Утешали лишь оценки Марин — мужчин: «…склонны к точным наукам и научному подходу ко всему на свете… отличные научные работники, инженеры… стабильны, надежны и добросовестны. Их уважают друзья и коллеги… Вся их жизнь рассчитана по минутам и мало что способно сместить их с заранее намеченного плана… надежны и на них можно положиться в любой жизненной ситуации…» (http://imenator.ru/mujsie/imena/marin/).

Утренние воскресные часы держали 12-полосную трассу в относительной пустоте, и он позволил себе обычное свое занятие за рулем — вспоминать песни и мурлыкать их. Сегодня почему-то, лишь через десять минут он понял почему, всплыли песни о дорогах. Очередность их оказалась вот какой. Сначала появился Энтин с его чудесным, почти детским, радужным и незамутненно радостным:

Ничего на свете лучше нету
Чем бродить друзьям по белу свету
Тем, кто дружен, не страшны тревоги
Нам любые дороги дороги.
Нам любые дороги дороги.

Потом за строфу эту «зацепились» безмятежные и романтические Визбор и Берковский:

Не верь разлукам, старина: их круг — лишь сон, ей-богу.
Придут другие времена, мой друг, — ты верь в дорогу.
Нет дороге окончанья, есть, зато, ее итог,
Дороги трудны, но хуже нет дорог.

За ними полились влекущие, но уже с признаками тоски за домом, строчки Далински:

Дороги, дороги… Снова дурманят.
Каждая манит, зовет за собой.
Дороги, дороги… Если б вы знали,
Как мое сердце рвется домой.

И вдруг, тревожный Юлий Ким:

Далека дорога твоя,
Далека, дика и пустынна
Эта даль и глушь не для слабых душ
Далека дорога твоя.

Оказывается, у этого, на первый взгляд, произвольного и абсолютно случайного попурри, был свой лейтмотив и своё предупреждение. И Сказочник это подтвердил:
Далека дорога, опасна, и все же
Для бродяги-рыцаря беды не в счет.
Песня мне в подмогу, и конь мой надежен,
Да и сам я стою чего-то еще.
А потом… Потом пошло и вовсе трагическое, ошанинское, военных лет:

Эх, дороги…Пыль да туман,
Холода тревоги
Да степной бурьян.
Знать не можешь доли своей,
Может, крылья сложишь
Посреди степей.

Странный репертуар подчинил его и вел уже за собой.
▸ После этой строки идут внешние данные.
text \<open>Complete plays of the game starting with n players and lasting exactly t rounds:
  the list of numbers of active players after each round; the game ends (exactly one
  bidder) at round t.\<close>
definition complete_paths :: "nat \<Rightarrow> nat \<Rightarrow> nat list set" where
  "complete_paths n t = {xs. length xs = t \<and> 0 < t \<and> set xs \<subseteq> {1..n} \<and>
       last xs = 1 \<and> (\<forall>i < t - 1. 2 \<le> xs ! i)}"

text \<open>T_{n,m} on a play: the first round after which at most m players are active.\<close>
definition hit_time :: "nat \<Rightarrow> nat list \<Rightarrow> nat" where
  "hit_time m xs = Suc (LEAST i. i < length xs \<and> xs ! i \<le> m)"

definition expected_T :: "nat \<Rightarrow> nat \<Rightarrow> real \<Rightarrow> real" where
  "expected_T n m lm =
     (\<Sum>t. \<Sum>xs\<in>complete_paths n t. path_prob lm n xs * real (hit_time m xs))"

definition prob_T2_lt_T1 :: "nat \<Rightarrow> real \<Rightarrow> real" where
  "prob_T2_lt_T1 n lm =
     (\<Sum>t. \<Sum>xs\<in>{xs \<in> complete_paths n t. hit_time 2 xs < hit_time 1 xs}. path_prob lm n xs)"

definition ratio_to_infinity :: "(real \<times> real \<times> real) filter" where
  "ratio_to_infinity =
     inf (filtercomap (\<lambda>(v, s, c). (v - s) / c) at_top)
         (principal {(v, s, c). 0 < v \<and> 0 < c \<and> 0 \<le> s \<and> c < v - s})"

end

theory Submission
  imports Defs
begin

(*
  With m players active the number of active players in the next
  counted round is distributed according to the kernel  trans \<lambda> m k, which only moves
  downwards (k \<le> m) and ends the game when k = 1.  For the equilibrium bid probability
  1 - q with q = \<lambda>^(1/(m-1)) one has  trans \<lambda> m 1 = m(1-q)\<lambda>/(1-q^m) = O(\<lambda>), whereas the
  probability of leaving state m at all is at least m(1-q)^(m-1) q, of order \<lambda>^(1/(m-1)).

  The central tool
  is a general bound for sub-solutions of the renewal inequality of a downward kernel:
  if X(m, J+1) \<le> a m + \<Sigma>_k P m k X(k, J), then X \<le> (m - lo + 1) \<Sigma>_k a k / (1 - P k k).
  It yields almost sure termination, E[T_{n,2}] \<le> (n-2) \<Sigma>_{k\<ge>3} 1/(1 - trans k k) and
  Pr{no visit of state 2} \<le> (n-2) \<Sigma>_{k\<ge>3} trans k 1 / (1 - trans k k), while a minimum
  argument on the first-step equation gives E[T_{n,1}] \<ge> 1 / \<Sigma>_k trans k 1.  The last
  section shows that the three bounds force the limits (I)-(III) as \<lambda> \<rightarrow> 0+, using
  trans k 1 / (1 - trans k k) = O(\<lambda>^(1 - 1/(k-1))) for k \<ge> 3, and that \<lambda> \<rightarrow> 0+ as
  (v-s)/c \<rightarrow> \<infinity> by convexity of the utility; theorem4 is then a composition of limits.
*)

section \<open>Plays of the game\<close>

text \<open>The states (numbers of active players) after the non-final rounds of a play of
  length t+1: every such state lies in {2..n}.\<close>
definition mid_states :: "nat \<Rightarrow> nat \<Rightarrow> nat list set" where
  "mid_states n t = {xs. set xs \<subseteq> {2..n} \<and> length xs = t}"

lemma mid_states_0: "mid_states n 0 = {[]}"
  by (auto simp: mid_states_def)

lemma sum_mid_states_Suc:
  "(\<Sum>ys\<in>mid_states n (Suc t). f ys) = (\<Sum>k\<in>{2..n}. \<Sum>ys\<in>mid_states n t. f (k # ys))"
proof -
  have e: "mid_states n (Suc t) = (\<lambda>(xs, k). k # xs) ` (mid_states n t \<times> {2..n})"
    unfolding mid_states_def by (rule lists_length_Suc_eq)
  have i: "inj_on (\<lambda>(xs, k). k # xs) (mid_states n t \<times> {2..n})"
    by (auto simp: inj_on_def)
  have "(\<Sum>ys\<in>mid_states n (Suc t). f ys) = (\<Sum>(xs, k)\<in>mid_states n t \<times> {2..n}. f (k # xs))"
    unfolding e by (subst sum.reindex[OF i]) (simp add: case_prod_beta)
  also have "\<dots> = (\<Sum>xs\<in>mid_states n t. \<Sum>k\<in>{2..n}. f (k # xs))"
    by (rule sum.cartesian_product[symmetric])
  also have "\<dots> = (\<Sum>k\<in>{2..n}. \<Sum>ys\<in>mid_states n t. f (k # ys))"
    by (rule sum.swap)
  finally show ?thesis .
qed

lemma complete_paths_0: "complete_paths n 0 = {}"
  unfolding complete_paths_def by auto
Появилась многозначность и неопределенность Макаревича:

Если ты одинок
Значит, настал твой срок
И ждет за углом
Перекресток семи дорог
Там не найти людей, там нет машин
Есть только семь путей
И ты один
…Перекресток семи дорог,
Вот и я
Перекресток семи дорог
Жизнь моя

Марин чувствовал, что внутри него и неподвластно ему росли беспокоящие душу тревожность и напряженность. Он ловил себя на мысли о том, что на Рузвельт — бульваре, отродясь, не было, да и не могло быть семи углов! Отгоняя тревогу, он гнал и гнал, а уж если точнее, погонял свою дряхлую японку, и старался переключить себя на что-нибудь внепесенное. Благо он был посреди Дороги, в её поглощающем и подчиняющем себе ритме, во власти Дороги… И Сознание его уступило ей и мысли начали выстраиваться в её властном русле. Это ведь только так говорится, так думают: дороги для машин. Да, конечно, за день по Рузвельт-бульвару проноситься, что-то, около миллиона машин. Но это только снаружи. А вдуматься если, так это пролетают несколько миллионов душ и тел! Сердец, голов, характеров, судеб, наконец! Это поток не мертвой, обездуховленной материи — машин, моторов, металлов и пластмасс. Это могучая, но дискретная лавина высокоорганизованной биологической и духовной материи, стремящаяся по выложенному для неё руслу куда-то вперед, в одной ей известное будущее. Говорят, человек — это электрическая система. И все заряды его, а их не счесть, при движении с высокими скоростями и ускорениями — излучают. Что уж говорить о душах! Вокруг сабвеев — огромная аура не просто гари, а всех известных и неизвестных излучений биологических мыслящих структур. Говорят, машины портят экологию… Наверное! Но вот что делает эта эманация летящих миллионов душ и тел? Может она еще опаснее? И чем выше скорости, еще вреднее? Может это и есть головная боль человечества? И для несущихся в машинах, и для стоящих на обочине, и для живущих поодаль и для всей природы? И может, совсем не случайно, у Танича и Шаинского природа безо всего этого отдыхает и блаженствует:

На дальней станции сойду,
Трава по пояс,

На дальней станции сойду
Запахнет медом.
Живой воды попью у журавля…

Ну, а эти перекрестки — пересечения душ и тел? Эти страшные аварии? Гибель машин — это ведь просто ерунда! Ну, сломалось пара железок… камуфляж истинного положения вещей! Маскировочная плащ-палатка дьявола! Сталкиваются ведь не просто машины, сталкиваются люди и судьбы, пересекаются, разрушаются… Врезались друг в друга тела и души, нанесли и понесли урон, а то и погибли безвозвратно! Выходит, сабвей — эта трасса наших душ и тел! Трасса нарисованная, материализованная и контролируемая! Да не полицией и государством, бери выше! И трагические перекрестки эти — чертовы гильотины, лобные места, эшафоты эти, — что Бермудский треугольник, — уносят многих неизвестно куда… Да, конечно, — неизвестно куда… Впрочем, зачастую, известно — почему! Вы думаете: грехи наши окаянные? Да, да, именно так! Они окаянные, они треклятые наши, вольные или невольные! Они — медом намазанные ловушки, капканы да мышеловки! Они, будь они неладны! Упаси, Господи, обереги меня от них!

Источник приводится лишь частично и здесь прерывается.